The constraint n ≤ 2⋅10^5 over all test cases immediately forces a linear or near-linear solution. Any approach that considers many permutations, tries matching subsets exhaustively, or performs repeated matching with backtracking will fail because even O(n log n) per test case can be borderline if implemented with heavy constants, while O(n^2) is completely impossible.

The key structural constraint is that the output must be a permutation. This means every value is used exactly once, so even if many people want the same target, only one of them can get it. This global coupling is what makes greedy local assignment unsafe.

A subtle failure case appears when many indices point to the same a_i. For example, if all a_i = 1, then only one person can be assigned to 1, and the rest must be rearranged in a cycle. A naive greedy approach that assigns b_i = a_i whenever possible will break injectivity.

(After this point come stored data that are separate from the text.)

(* For any $n$-qubit density matrix $\rho$, $$\mathcal R(\rho)\ge2\Lambda^+(\rho)-1.$$ Furthermore, if $\rho$ is a single-qubit state, $$\mathcal R(\rho)\ge(1+\sqrt2)\Lambda^+(\rho)-\sqrt2.$$
   Context: $\mathrm S_n$ is the set of pure $n$-qubit stabilizer states and $\bar{\mathrm S}_n=\mathrm{conv}\{|\phi\rangle\langle\phi|:|\phi\rangle\in\mathrm S_n\}$. The robustness of magic is $\mathcal R(\rho)=\min\{\|q\|_1:\rho=\sum_jq_j|\phi_j\rangle\langle\phi_j|,\ q_j\in\mathbb R,\ |\phi_j\rangle\in\mathrm S_n\}$. The generalized robustness is $\Lambda^+(\rho)=\min\{\lambda:\rho\le\lambda\sigma,\ \sigma\in\bar{\mathrm S}_n\}$. *)

theory Defs
  imports Complex_Main "Jordan_Normal_Form.Matrix"
begin

definition dagger :: "complex mat \<Rightarrow> complex mat" where
  "dagger A = mat (dim_col A) (dim_row A) (\<lambda>(i,j). cnj (A $$ (j,i)))"

definition outer :: "complex vec \<Rightarrow> complex mat" where
  "outer v = mat (dim_vec v) (dim_vec v) (\<lambda>(i,j). v $ i * cnj (v $ j))"

definition mtrace :: "complex mat \<Rightarrow> complex" where
  "mtrace A = (\<Sum>i<dim_row A. A $$ (i,i))"

definition psd :: "nat \<Rightarrow> complex mat \<Rightarrow> bool" where
  "psd d A \<longleftrightarrow> A \<in> carrier_mat d d \<and> dagger A = A \<and>
     (\<forall>v \<in> carrier_vec d. 0 \<le> Re (\<Sum>i<d. cnj (v $ i) * (A *\<^sub>v v) $ i))"

definition density :: "nat \<Rightarrow> complex mat \<Rightarrow> bool" where
  "density n \<rho> \<longleftrightarrow> psd (2^n) \<rho> \<and> mtrace \<rho> = 1"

Another problematic situation is when following wishes produces a fixed point. If we assign b_i = a_i greedily, it is possible that some last remaining assignment forces b_j = j, which is forbidden. A small example is a = [2, 1]. If we greedily assign both, we get a valid cycle, but in larger mixed cases greedily fixing early choices can trap the last positions into self-loops.

The core difficulty is that we want to maximize matches to a given array under a permutation constraint with forbidden fixed points.

Approaches

A brute-force approach would try all permutations of b that satisfy b_i ≠ i and then count how many positions match a_i. This is a standard assignment problem with constraints. The number of valid permutations is on the order of derangements, roughly n! / e, which is far beyond any computational limit even for n = 10^5. Even for n = 10, this becomes infeasible.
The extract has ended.